Conversely, because my trading plan is focused around a higher reward than risk, I know that my target is more pips than my stop loss pip amount, so I know that I am making a higher percentage return than my risk percentage.

I hope that’s not confusing for you and to make all the calculations easier for you, download the Free Lot Calculator and add it to your trading platform and use it every time you want to take a trade. A valuable tool to not only make your trading easier, but also make you trade correctly and safely by controlling risk by percentage and control your Money Management.

I also add here, that traders have their own opinion on how much percentage to risk from their accounts is acceptable. I prefer 0.50% per trade but others are happy to go as high as 5% per trade. Again, it all depends on each and every persons risk tolerance and also what the strategy or system is. I know that by using 0.50% of my account I can get many trades wrong and it won’t affect my balance very much and the risk of losing all of my account is very low.

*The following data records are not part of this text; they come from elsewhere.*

(* Let $X$ be an infinite set and $\{X_0,\dots,X_n\}$ a partition of $X$. Let $(x_k)_{k\in\omega}$ and $(y_k)_{k\in\omega}$ be sequences in the Boolean group $[X]^{<\omega}$ such that the family $\{x_k:k\in\omega\}\cup\{y_k:k\in\omega\}$ (indexed by $k$ and by which sequence it comes from) is linearly independent, and such that for every $p\in\{0,\dots,n\}$ both families $\{x_k\cap X_p:k\in\omega\}$ and $\{y_k\cap X_p:k\in\omega\}$ are linearly independent. Then there exist a strictly increasing sequence $(k_m)_{m\in\omega}$ in $\omega$ and $n_0\in\{0,\dots,n\}$ such that the family $\{x_{k_m}\cap X_{n_0}:m\in\omega\}\cup\{y_{k_m}\cap X_{n_0}:m\in\omega\}$ is linearly independent.
   Context: For a set $X$, $[X]^{<\omega}$ denotes the set of finite subsets of $X$, regarded as a Boolean group (a vector space over the two-element field $2=\{0,1\}$) with symmetric difference $\triangle$ as operation and $\emptyset$ as neutral element. Linear independence is over the field $2$; a linearly independent indexed family has pairwise distinct members. *)

theory Defs
  imports Main
begin

text \<open>Sum in the Boolean group of finite sets (operation: symmetric difference)
  of the members of an indexed family over a finite index set F:
  a point belongs to the sum iff it lies in an odd number of the summands.\<close>
definition bsum :: "('i \<Rightarrow> 'a set) \<Rightarrow> 'i set \<Rightarrow> 'a set" where
  "bsum f F = {a. odd (card {i \<in> F. a \<in> f i})}"

definition lin_indep :: "('i \<Rightarrow> 'a set) \<Rightarrow> bool" where
  "lin_indep f \<longleftrightarrow> (\<forall>F. finite F \<and> F \<noteq> {} \<longrightarrow> bsum f F \<noteq> {})"

definition join_fam :: "(nat \<Rightarrow> 'a set) \<Rightarrow> (nat \<Rightarrow> 'a set) \<Rightarrow> nat + nat \<Rightarrow> 'a set" where
  "join_fam x y s = (case s of Inl k \<Rightarrow> x k | Inr k \<Rightarrow> y k)"

end

theory Submission
  imports Defs "HOL-Library.Infinite_Set"
begin

text \<open>Since the symmetric differences of \<open>x\<^sub>k\<close> and \<open>y\<^sub>k\<close> form an injective sequence of finite
  sets, their union is infinite, so one cell \<open>X\<^sub>p\<close> of the partition meets it in an infinite set.
  In that cell pass to a subsequence along which every new term escapes the union of all earlier
  ones three times over: \<open>x\<^sub>k \<inter> X\<^sub>p\<close>, \<open>y\<^sub>k \<inter> X\<^sub>p\<close> and their symmetric difference each have a point
  outside it. Then in any nonempty finite sum the terms of largest index contribute a point that
  no other summand can cancel.\<close>

lemma bsum_Un_disjoint:
  assumes "finite A" "finite B" "A \<inter> B = {}"
  shows "bsum f (A \<union> B) = sym_diff (bsum f A) (bsum f B)"
proof -
  have "card {i \<in> A \<union> B. a \<in> f i} = card {i \<in> A. a \<in> f i} + card {i \<in> B. a \<in> f i}" for a
    using assms by (subst card_Un_disjoint[symmetric]) (auto intro: arg_cong[where f = card])
  then show ?thesis
    unfolding bsum_def by auto
qed

lemma bsum_singleton [simp]: "bsum f {s} = f s"
proof -
  have "{i \<in> {s}. a \<in> f i} = (if a \<in> f s then {s} else {})" for a
    by auto
  then show ?thesis
    unfolding bsum_def by simp
qed

lemma bsum_doubleton:
  assumes "s \<noteq> t"
  shows "bsum f {s, t} = sym_diff (f s) (f t)"
  using bsum_Un_disjoint[of "{s}" "{t}" f] assms by (simp add: insert_commute)

lemma bsum_subset_UN: "bsum f F \<subseteq> (\<Union>i\<in>F. f i)"
proof
  fix a
  assume "a \<in> bsum f F"
  then have "{i \<in> F. a \<in> f i} \<noteq> {}"
    unfolding bsum_def by (metis (no_types, lifting) card.empty even_zero mem_Collect_eq)
  then show "a \<in> (\<Union>i\<in>F. f i)"
    by blast
qed

lemma lin_indepD: "lin_indep f \<Longrightarrow> finite F \<Longrightarrow> F \<noteq> {} \<Longrightarrow> bsum f F \<noteq> {}"
  unfolding lin_indep_def by simp

lemma lin_indep_imp_inj:
  assumes "lin_indep f"
  shows "inj f"
proof (rule injI, rule ccontr)
  fix i j
  assume "f i = f j" "i \<noteq> j"
  then have "bsum f {i, j} = {}"
    by (simp add: bsum_doubleton)
  with assms show False
    using lin_indepD[of f "{i, j}"] by simp
qed

lemma lin_indep_join_fam_imp_inj_sym_diff:
  assumes "lin_indep (join_fam x y)"
  shows "inj (\<lambda>k. sym_diff (x k) (y k))"
proof (rule injI, rule ccontr)
  fix i j
  assume eq: "sym_diff (x i) (y i) = sym_diff (x j) (y j)" and "i \<noteq> j"
  have "bsum (join_fam x y) ({Inl i, Inr i} \<union> {Inl j, Inr j}) =
      sym_diff (bsum (join_fam x y) {Inl i, Inr i}) (bsum (join_fam x y) {Inl j, Inr j})"
    by (rule bsum_Un_disjoint) (use \<open>i \<noteq> j\<close> in auto)
  also have "\<dots> = {}"
    using eq by (simp add: bsum_doubleton join_fam_def)
  finally show False
    using lin_indepD[OF assms, of "{Inl i, Inr i} \<union> {Inl j, Inr j}"] by simp
qed

lemma finite_subset_preimage_inj:
  assumes "inj u" "finite S"
  shows "finite {k. u k \<subseteq> S}"
  using finite_vimageI[of "Pow S" u] assms by (simp add: vimage_def)

lemma infinite_not_subset_of_finite:
  assumes "infinite (\<Union>k. z k)" "\<And>k. finite (z k)" "finite S"
  shows "infinite {k. \<not> z k \<subseteq> S}"
proof
  assume "finite {k. \<not> z k \<subseteq> S}"
  with assms(2,3) have "finite (S \<union> (\<Union>k\<in>{k. \<not> z k \<subseteq> S}. z k))"
    by blast
  moreover have "(\<Union>k. z k) \<subseteq> S \<union> (\<Union>k\<in>{k. \<not> z k \<subseteq> S}. z k)"
    by blast
  ultimately show False
    using assms(1) finite_subset by blast
qed

text \<open>The state carried through the recursive choice is the last index chosen together with the
  union of the sets chosen so far.\<close>

lemma greedy_subsequence:
  fixes w :: "nat \<Rightarrow> 'a set" and Q :: "nat \<Rightarrow> 'a set \<Rightarrow> bool"
  assumes "\<And>k. finite (w k)" and "\<And>S. finite S \<Longrightarrow> infinite {k. Q k S}"
  shows "\<exists>km :: nat \<Rightarrow> nat. strict_mono km \<and> (\<forall>m. Q (km m) (\<Union>i<m. w (km i)))"
proof -
  have "\<exists>f. \<forall>m. (finite (snd (f m)) \<and> (m = 0 \<longrightarrow> snd (f m) = {}))
    \<and> fst (f m) < fst (f (Suc m)) \<and> Q (fst (f (Suc m))) (snd (f m))
    \<and> snd (f (Suc m)) = snd (f m) \<union> w (fst (f (Suc m)))"
  proof (rule dependent_nat_choice[where P = "\<lambda>m p. finite (snd p) \<and> (m = 0 \<longrightarrow> snd p = {})"])
    fix p :: "nat \<times> 'a set" and m :: nat
    assume "finite (snd p) \<and> (m = 0 \<longrightarrow> snd p = {})"
    then obtain k where "k > fst p" "Q k (snd p)"
      using assms(2) unfolding infinite_nat_iff_unbounded by blast
    then show "\<exists>p'. (finite (snd p') \<and> (Suc m = 0 \<longrightarrow> snd p' = {}))
        \<and> fst p < fst p' \<and> Q (fst p') (snd p) \<and> snd p' = snd p \<union> w (fst p')"
      using assms(1) \<open>finite (snd p) \<and> _\<close> by (intro exI[of _ "(k, snd p \<union> w k)"]) auto
  qed (rule exI[of _ "(0, {})"], simp)
  then obtain f where f: "snd (f 0) = {}"
    "\<And>m. fst (f m) < fst (f (Suc m)) \<and> Q (fst (f (Suc m))) (snd (f m))
       \<and> snd (f (Suc m)) = snd (f m) \<union> w (fst (f (Suc m)))"
    by blast
  define km where "km m = fst (f (Suc m))" for m
  have unions: "snd (f m) = (\<Union>i<m. w (km i))" for m
    by (induction m) (use f in \<open>auto simp: km_def lessThan_Suc\<close>)
  have "strict_mono km"
    unfolding strict_mono_Suc_iff km_def using f(2) by blast
  moreover have "Q (km m) (\<Union>i<m. w (km i))" for m
    using f(2)[of m] unions[of m] by (simp add: km_def)
  ultimately show ?thesis
    by blast
qed

lemma lin_indep_join_fam_if_escaping:
  fixes u v :: "nat \<Rightarrow> 'a set"
  defines "R M \<equiv> (\<Union>i<M. u i \<union> v i)"
  assumes "\<And>M. \<not> u M \<subseteq> R M" "\<And>M. \<not> v M \<subseteq> R M" "\<And>M. \<not> sym_diff (u M) (v M) \<subseteq> R M"
  shows "lin_indep (join_fam u v)"
  unfolding lin_indep_def
proof (intro allI impI)
  fix F :: "(nat + nat) set"
  assume F: "finite F \<and> F \<noteq> {}"
  define idx :: "nat + nat \<Rightarrow> nat" where "idx s = (case s of Inl i \<Rightarrow> i | Inr i \<Rightarrow> i)" for s
  define M where "M = Max (idx ` F)"
  define T where "T = F \<inter> {Inl M, Inr M}"
  define G where "G = F - {Inl M, Inr M}"
  have "M \<in> idx ` F"
    unfolding M_def using F by simp
  then have "T = {Inl M} \<or> T = {Inr M} \<or> T = {Inl M, Inr M}"
    unfolding T_def idx_def by (auto split: sum.splits)
  then have "bsum (join_fam u v) T \<in> {u M, v M, sym_diff (u M) (v M)}"
    by (auto simp: bsum_doubleton join_fam_def)
  with assms(2-4) obtain a where a: "a \<in> bsum (join_fam u v) T" "a \<notin> R M"
    by blast
  have "idx s < M" if "s \<in> G" for s
  proof -
    have "idx s \<le> M"
      using F that unfolding G_def M_def by simp
    moreover have "idx s \<noteq> M"
      using that unfolding G_def idx_def by (cases s) auto
    ultimately show ?thesis
      by simp
  qed
  moreover have "join_fam u v s \<subseteq> u (idx s) \<union> v (idx s)" for s
    by (cases s) (auto simp: join_fam_def idx_def)
  ultimately have "join_fam u v s \<subseteq> R M" if "s \<in> G" for s
    using that unfolding R_def by blast
  then have "bsum (join_fam u v) G \<subseteq> R M"
    using bsum_subset_UN[of "join_fam u v" G] by blast
  moreover have "F = T \<union> G" "T \<inter> G = {}" "finite T" "finite G"
    using F unfolding T_def G_def by auto
  then have "bsum (join_fam u v) F = sym_diff (bsum (join_fam u v) T) (bsum (join_fam u v) G)"
    using bsum_Un_disjoint by metis
  ultimately show "bsum (join_fam u v) F \<noteq> {}"
    using a by blast
qed

lemma lin_indep_subsequence:
  fixes u v :: "nat \<Rightarrow> 'a set"
  assumes "inj u" "inj v" "\<And>k. finite (u k)" "\<And>k. finite (v k)"
    and "infinite (\<Union>k. sym_diff (u k) (v k))"
  shows "\<exists>km. strict_mono km \<and> lin_indep (join_fam (\<lambda>m. u (km m)) (\<lambda>m. v (km m)))"
proof -
  define escapes where
    "escapes k S \<longleftrightarrow> \<not> u k \<subseteq> S \<and> \<not> v k \<subseteq> S \<and> \<not> sym_diff (u k) (v k) \<subseteq> S" for k S
  have "infinite {k. escapes k S}" if "finite S" for S
  proof -
    have "{k. \<not> sym_diff (u k) (v k) \<subseteq> S} \<subseteq> {k. escapes k S} \<union> {k. u k \<subseteq> S} \<union> {k. v k \<subseteq> S}"
      unfolding escapes_def by blast
    moreover have "infinite {k. \<not> sym_diff (u k) (v k) \<subseteq> S}"
      using infinite_not_subset_of_finite[OF assms(5) _ that] assms(3,4) by blast
    ultimately show ?thesis
      using finite_subset_preimage_inj[OF assms(1) that] finite_subset_preimage_inj[OF assms(2) that]
      by (meson finite_UnI finite_subset)
  qed
  moreover have "finite (u k \<union> v k)" for k
    using assms(3,4) by blast
  ultimately obtain km :: "nat \<Rightarrow> nat" where "strict_mono km" and
    km: "\<And>m. escapes (km m) (\<Union>i<m. u (km i) \<union> v (km i))"
    using greedy_subsequence[of "\<lambda>k. u k \<union> v k" escapes] by blast
  moreover have "lin_indep (join_fam (\<lambda>m. u (km m)) (\<lambda>m. v (km m)))"
    by (rule lin_indep_join_fam_if_escaping) (use km[unfolded escapes_def] in blast)+
  ultimately show ?thesis
    by blast
qed

theorem mainTheorem2:
  fixes X :: "'a set" and P :: "nat \<Rightarrow> 'a set" and n :: nat
    and x y :: "nat \<Rightarrow> 'a set"
  assumes "infinite X"
    and "\<And>p. p \<le> n \<Longrightarrow> P p \<noteq> {}"
    and "\<And>p q. p \<le> n \<Longrightarrow> q \<le> n \<Longrightarrow> p \<noteq> q \<Longrightarrow> P p \<inter> P q = {}"
    and "(\<Union>p\<in>{0..n}. P p) = X"
    and "\<And>k. finite (x k) \<and> x k \<subseteq> X"
    and "\<And>k. finite (y k) \<and> y k \<subseteq> X"
    and "lin_indep (join_fam x y)"
    and "\<And>p. p \<le> n \<Longrightarrow> lin_indep (\<lambda>k. x k \<inter> P p) \<and> lin_indep (\<lambda>k. y k \<inter> P p)"
  shows "\<exists>km n0. strict_mono km \<and> n0 \<le> n \<and>
           lin_indep (join_fam (\<lambda>m. x (km m) \<inter> P n0) (\<lambda>m. y (km m) \<inter> P n0))"
proof -
  let ?z = "\<lambda>k. sym_diff (x k) (y k)"
  have "infinite (range ?z)"
    using lin_indep_join_fam_imp_inj_sym_diff[OF assms(7)] by (simp add: finite_image_iff)
  then have "infinite (\<Union>k. ?z k)"
    using finite_UnionD by blast
  moreover have "(\<Union>k. ?z k) = (\<Union>p\<in>{0..n}. \<Union>k. ?z k \<inter> P p)"
    using assms(4-6) by blast
  ultimately have "infinite (\<Union>p\<in>{0..n}. \<Union>k. ?z k \<inter> P p)"
    by argo
  then obtain p where "p \<le> n" and "infinite (\<Union>k. ?z k \<inter> P p)"
    using finite_UN_I[of "{0..n}" "\<lambda>p. \<Union>k. ?z k \<inter> P p"] by auto
  moreover have "(\<Union>k. ?z k \<inter> P p) = (\<Union>k. sym_diff (x k \<inter> P p) (y k \<inter> P p))"
    by blast
  ultimately have "infinite (\<Union>k. sym_diff (x k \<inter> P p) (y k \<inter> P p))"
    by argo
  moreover have "inj (\<lambda>k. x k \<inter> P p)" "inj (\<lambda>k. y k \<inter> P p)"
    using assms(8)[OF \<open>p \<le> n\<close>] lin_indep_imp_inj by blast+
  moreover have "finite (x k \<inter> P p)" "finite (y k \<inter> P p)" for k
    using assms(5,6) by blast+
  ultimately have "\<exists>km. strict_mono km \<and>
      lin_indep (join_fam (\<lambda>m. x (km m) \<inter> P p) (\<lambda>m. y (km m) \<inter> P p))"
    by (intro lin_indep_subsequence)
  with \<open>p \<le> n\<close> show ?thesis
    by blast
qed

end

Don’t worry though, in my early days I have blown up a few accounts (as they say in trading) and when I look back I now know it was because I didn’t fully understand about R:R, Win Ratios and Percentage Measuring of Account. All of these are part of Money Management and learning the right way is crucial to becoming a successful forex trader.

In Summary…

Money Management or MM as it is described in trading is a very critical part of trading. Learning and having a full understanding of what it means and how to implement it into your trading plan and psychology can only point your into the right direction of becoming a successful trader.

  • Understand what Core Equity and Account Balance is and what they mean
  • Understand what R:R is and means and how to use and implement it into your trading
  • Understand what Win Rate is and means and how to use it correctly
  • Measure your Stop Loss in percentage of your Core Equity/Account Balance and measure you success by percentage gains or losses
  • Decide on how much percent of your account you should risk per trade. I use 0.50% but others use up to 5% of their account. Find something that suits your risk profile but my recommendation is on the lower end.
  • Use the free Lot size calculator to manage your Money Management

With learning and understanding these five main points you will be heading in the right direction to becoming a successful profitable trader.